In recent years I have come to learn that the devil is often in the detail when it comes to Labour Budgets. Rarely is the detail disclosed in what the Chancellor says on the floor of the House of Commons.
Yesterday was no exception.
By freezing the individual personal allowance (the amount every taxpayer is permitted to earn before they start to pay income tax) every taxpayer is £48 a year worse off and £96 a year worse off for a married couple (or indeed an unmarried couple!)
The size of the deficit is now so great that the Government will have to borrow more this year and next year than the entire receipts from income tax! Astonishing.
Wrong!
The freezing of personal allowances was announced in the pre-budget report (PBR), not hidden in this budget. For some time personal allowances have been indexed to the RPI of the September prior to the PBR. The RPI September 2009 was actually negative.
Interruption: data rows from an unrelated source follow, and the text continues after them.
lemma S_circ:
  assumes "1 \<le> k" "p \<in> H1"
  shows "S (circ k p) = circ k (S p)"
proof (rule H1_linear_eq_on_words[OF _ _ _ assms(2)])
  show "H1_linear (\<lambda>p. S (circ k p))"
    using assms by (intro H1_linear_compose_S H1_linear_circ)
  show "H1_linear (\<lambda>p. circ k (S p))"
    using assms by (intro H1_linear_compose_circ H1_linear_S)
next
  fix u :: "nat list"
  assume u: "pos_word u"
  show "S (circ k (wd u)) = circ k (S (wd u))"
  proof (cases u)
    case (Cons j x)
    with u have j: "1 \<le> j" and x: "pos_word x"
      by simp_all
    have "S (circ k (wd u)) = Sw ((k + j) # x) + scalar hbar * Sw ((k + j - 1) # x)"
      using Cons j x assms by (simp add: S_add S_scalar_mult H1_closed del: Sw.simps)
    also have "\<dots> = circ k (Sw u)"
      using Cons j x assms
      by (simp add: circ_add circ_scalar_mult circ_hcons circ_circ ccons2_def circ2_def
          H1_finsupp H1_closed H1_Sw algebra_simps)
    finally show ?thesis
      by simp
  qed simp
qed

lemma S_ccons2:
  assumes "1 \<le> i" "1 \<le> j" "p \<in> H1"
  shows "S (ccons2 i j p) = ccons2 i j (S p) + scalar tvar * circ2 i j (S p)"
  using assms H1_linear_H1[OF H1_linear_S]
  by (simp add: ccons2_def circ2_def S_add S_scalar_mult S_hcons H1_closed algebra_simps)

lemma S_circ2:
  assumes "1 \<le> i" "1 \<le> j" "p \<in> H1"
  shows "S (circ2 i j p) = circ2 i j (S p)"
  using assms by (simp add: circ2_def S_add S_scalar_mult S_circ H1_closed)

lemma plusw_Nil_right [simp]: "plusw u [] = wd u"
  by (cases u) simp_all

lemma H1_plusw: "pos_word u \<Longrightarrow> pos_word v \<Longrightarrow> plusw u v \<in> H1"
  by (induct u v rule: plusw.induct) (simp_all add: H1_closed H1_ccons2)

lemma plusprod_wd [simp]: "plusprod (wd u) (wd v) = plusw u v"
  by (simp add: plusprod_def)

lemma H1_linear_plusprod_left: "q \<in> H1 \<Longrightarrow> H1_linear (\<lambda>p. plusprod p q)"
  unfolding plusprod_def using H1_plusw by (rule H1_linear_bilin_left)

lemma H1_linear_plusprod_right: "p \<in> H1 \<Longrightarrow> H1_linear (\<lambda>q. plusprod p q)"
  unfolding plusprod_def using H1_plusw by (rule H1_linear_bilin_right)

lemma H1_plusprod: "p \<in> H1 \<Longrightarrow> q \<in> H1 \<Longrightarrow> plusprod p q \<in> H1"
  using H1_linear_H1[OF H1_linear_plusprod_left] .

lemma H1_linear_compose_plusprod_left:
  "H1_linear L \<Longrightarrow> q \<in> H1 \<Longrightarrow> H1_linear (\<lambda>p. plusprod (L p) q)"
  using H1_linear_comp[OF H1_linear_plusprod_left] .

lemma H1_linear_compose_plusprod_right:
  "H1_linear L \<Longrightarrow> p \<in> H1 \<Longrightarrow> H1_linear (\<lambda>q. plusprod p (L q))"
  using H1_linear_comp[OF H1_linear_plusprod_right] .

lemmas plusprod_add_left = H1_linear_add[OF H1_linear_plusprod_left]
  and plusprod_scalar_mult_left = H1_linear_scalar_mult[OF H1_linear_plusprod_left]
  and plusprod_add_right = H1_linear_add[OF H1_linear_plusprod_right]
  and plusprod_scalar_mult_right = H1_linear_scalar_mult[OF H1_linear_plusprod_right]
lemma avgY_pattern_weight:
  fixes e :: "nat \<Rightarrow> nat"
  assumes "N \<ge> 1" and X01: "\<And>t. t \<in> {1..N} \<Longrightarrow> X t \<omega> \<in> {0, 1}"
    and e01: "\<And>m. m \<in> {1..k} \<Longrightarrow> e m \<in> {0, 1}"
  shows "avgY X N \<omega> ^ (\<Sum>m=1..k. e m) * (1 - avgY X N \<omega>) ^ (k - (\<Sum>m=1..k. e m))
       = real (card {j \<in> PiE {1..k} (\<lambda>_. {1..N}). \<forall>m\<in>{1..k}. X (j m) \<omega> = real (e m)}) / real N ^ k"
proof -
  define n where "n = card {t\<in>{1..N}. X t \<omega> = 1}"
  define \<alpha> where "\<alpha> = (\<Sum>m=1..k. e m)"
  have "n \<le> card {1..N}" unfolding n_def by (rule card_mono) auto
  then have "n \<le> N" by simp
  have "\<alpha> \<le> k"
    using sum_mono[of "{1..k}" e "\<lambda>_. 1"] e01 unfolding \<alpha>_def by force
  have "avgY X N \<omega> = real n / real N" and "1 - avgY X N \<omega> = real (N - n) / real N"
    using avgY_eq_card[of N X \<omega>] X01 \<open>n \<le> N\<close> assms(1) by (simp_all add: n_def field_simps)
  then have "avgY X N \<omega> ^ \<alpha> * (1 - avgY X N \<omega>) ^ (k - \<alpha>)
      = real (n ^ \<alpha> * (N - n) ^ (k - \<alpha>)) / real N ^ (\<alpha> + (k - \<alpha>))"
    by (simp add: power_divide power_add)
  also have "\<alpha> + (k - \<alpha>) = k" using \<open>\<alpha> \<le> k\<close> by simp
  also have "n ^ \<alpha> * (N - n) ^ (k - \<alpha>)
      = card {j \<in> PiE {1..k} (\<lambda>_. {1..N}). \<forall>m\<in>{1..k}. X (j m) \<omega> = real (e m)}"
    using card_PiE_pattern[of "{1..k}" "{1..N}" "\<lambda>t. X t \<omega>" e] X01 e01 by (simp add: n_def \<alpha>_def)
  finally show ?thesis by (simp add: \<alpha>_def)
qed

lemma tendsto_card_non_inj_PiE_ratio:
  assumes "finite A"
  shows "(\<lambda>N. real (card {j \<in> PiE A (\<lambda>_. {1..N}). \<not> inj_on j A}) / real N ^ card A) \<longlonglongrightarrow> 0"
proof -
  let ?k = "card A"
  have "(\<lambda>N. 1 - (\<Prod>m<?k. 1 - real m / real N)) \<longlonglongrightarrow> 1 - (\<Prod>m<?k. 1 - 0)"
    by (intro tendsto_intros)
  moreover have ratio: "1 - (\<Prod>m<?k. 1 - real m / real N)
      = real (card {j \<in> PiE A (\<lambda>_. {1..N}). \<not> inj_on j A}) / real N ^ ?k" if "N \<ge> ?k" "N \<ge> 1" for N
  proof -
    let ?J = "PiE A (\<lambda>_. {1..N})"
    have "card {j \<in> ?J. inj_on j A} = (\<Prod>m\<in>{0..<?k}. N - m)"
      using card_inj_on_subset_funcset[OF assms, of "{1..N}" A] by simp
    moreover have "card {j \<in> ?J. \<not> inj_on j A} = card ?J - card {j \<in> ?J. inj_on j A}"
      using assms by (subst card_Diff_subset[symmetric]) (auto intro: arg_cong[where f=card] simp: finite_PiE)
    moreover have "card {j \<in> ?J. inj_on j A} \<le> card ?J"
      using assms by (intro card_mono) (auto simp: finite_PiE)
    moreover have "(\<Prod>m<?k. 1 - real m / real N) = (\<Prod>m<?k. real (N - m) / real N)"
      by (intro prod.cong refl) (use that in \<open>auto simp: field_simps\<close>)
    moreover have "(\<Prod>m<?k. real (N - m) / real N) = real (\<Prod>m\<in>{0..<?k}. N - m) / real N ^ ?k"
      by (simp add: prod_dividef atLeast0LessThan)
    ultimately show ?thesis
      using assms that by (simp add: card_PiE diff_divide_distrib)
  qed
  moreover have "\<forall>\<^sub>F N in sequentially. 1 - (\<Prod>m<?k. 1 - real m / real N)
      = real (card {j \<in> PiE A (\<lambda>_. {1..N}). \<not> inj_on j A}) / real N ^ ?k"
    using eventually_ge_at_top[of "max ?k 1"] by eventually_elim (rule ratio; simp)
  ultimately show ?thesis
    by (simp add: Lim_transform_eventually)
qed

context prob_space
begin

lemma cond_prob_null_event:
  assumes "A \<in> events" and "prob A = 0"
  shows "cond_prob M A B = 0"
proof -
  have "prob (A \<inter> B) \<le> prob A"
    using assms(1) by (intro finite_measure_mono) auto
  then show ?thesis
    using assms(2) measure_nonneg[of M "A \<inter> B"] by (simp add: cond_prob_def)
qed

lemma events_pattern:
  assumes "finite I" and "\<And>m. m \<in> I \<Longrightarrow> Y m \<in> borel_measurable M"
  shows "{\<omega> \<in> space M. \<forall>m\<in>I. Y m \<omega> = (c m :: real)} \<in> events"
  using assms by measurable

lemma events_avgY_eq:
  assumes "\<And>t. t \<in> {1..N} \<Longrightarrow> X t \<in> borel_measurable M"
  shows "{\<omega> \<in> space M. avgY X N \<omega> = c} \<in> events"
  using assms unfolding avgY_def by measurable

lemma expectation_card_occurring:
  assumes "finite J" and "\<And>j. j \<in> J \<Longrightarrow> E j \<in> events"
  shows "expectation (\<lambda>\<omega>. real (card {j\<in>J. \<omega> \<in> E j})) = (\<Sum>j\<in>J. prob (E j))"
proof -
  have "real (card {j\<in>J. \<omega> \<in> E j}) = (\<Sum>j\<in>J. indicator (E j) \<omega>)" for \<omega>
    using assms(1) by (simp add: indicator_def sum.If_cases Int_def)
  then show ?thesis
    using assms by (simp add: Bochner_Integration.integral_sum emeasure_eq_measure)
qed

lemma exchangeable_prob_reindex:
  assumes exch: "exchangeable M X" and meas: "\<And>i. i \<ge> 1 \<Longrightarrow> X i \<in> borel_measurable M"
    and "finite I" and "I \<subseteq> {1..}" and "inj_on j I" and "j ` I \<subseteq> {1..}"
  shows "prob {\<omega> \<in> space M. \<forall>m\<in>I. X (j m) \<omega> = c m}
       = prob {\<omega> \<in> space M. \<forall>m\<in>I. X m \<omega> = c m}"
proof -
  define S where "S = I \<union> j ` I"
  have "finite S" and "S \<subseteq> {1..}" and "I \<subseteq> S"
    using assms(3,4,6) by (auto simp: S_def)
  obtain p where p: "p permutes S" and pj: "\<And>m. m \<in> I \<Longrightarrow> p m = j m"
    using permutes_extending_inj_on[OF \<open>finite S\<close> _ _ \<open>inj_on j I\<close>] by (auto simp: S_def)
  define C where "C = PiE S (\<lambda>i. if i \<in> I then {c i} else UNIV)"
  define V where "V q \<omega> = restrict (\<lambda>i. X (q i) \<omega>) S" for q \<omega>
  have C: "C \<in> sets (PiM S (\<lambda>_. borel))"
    unfolding C_def using \<open>finite S\<close> by (intro sets_PiM_I_finite) auto
  have V: "V q \<in> measurable M (PiM S (\<lambda>_. borel))" if "q ` S \<subseteq> S" for q
    unfolding V_def using that \<open>S \<subseteq> {1..}\<close> by (intro measurable_restrict meas) auto
  have "restrict g S \<in> C \<longleftrightarrow> (\<forall>m\<in>I. g m = c m)" for g :: "nat \<Rightarrow> real"
    using \<open>I \<subseteq> S\<close> by (auto simp: C_def PiE_iff subset_iff)
  then have prob_V: "measure (distr M (PiM S (\<lambda>_. borel)) (V q)) C
      = prob {\<omega> \<in> space M. \<forall>m\<in>I. X (q m) \<omega> = c m}"
    if "q ` S \<subseteq> S" for q
    using measure_distr[OF V[OF that] C] by (simp add: V_def vimage_def Int_def conj_commute)
  have "distr M (PiM S (\<lambda>_. borel)) (V (\<lambda>i. i)) = distr M (PiM S (\<lambda>_. borel)) (V p)"
    using exch \<open>finite S\<close> \<open>S \<subseteq> {1..}\<close> p unfolding exchangeable_def V_def by blast
  then have "prob {\<omega> \<in> space M. \<forall>m\<in>I. X m \<omega> = c m}
      = prob {\<omega> \<in> space M. \<forall>m\<in>I. X (p m) \<omega> = c m}"
    using prob_V[of "\<lambda>i. i"] prob_V[of p] permutes_image[OF p] by simp
  also have "\<dots> = prob {\<omega> \<in> space M. \<forall>m\<in>I. X (j m) \<omega> = c m}"
    using pj by (intro arg_cong[where f=prob]) auto
  finally show ?thesis ..
qed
I know this is all very technical and beyond your pay grade, seeing as your job is kissing babies and regurgitating central office press releases, but at the very least you should acknowledge that calling for the raising of personal allowances is not compatible with your being appalled by the size of the PSBR.
If you are really keen to raise personal allowances, vote Liberal Democrat!
Hi Ewan,
Thanks for your comment. I think most people will be looking at the inflation rate now rather than some months ago.
David
You are not ‘most people’. You are aspiring to high office. You should know that the announcement of personal allowances for 2010-2011 had already been made and as such failure to reiterate it in the budget speech was not particularly underhand. I hope you do, so you are just taking the cheap shot I am calling you on, rather than demonstrating ignorance.
Has George Osborne made any commitment to reform the budget process so that personal allowances are indexed closer to the budget?
A raise in personal allowances would cost the treasury £2.2 billion (Daily Telegraph 09/12/2009). ‘Most people’ knew we could not afford any unnecessary tax give aways.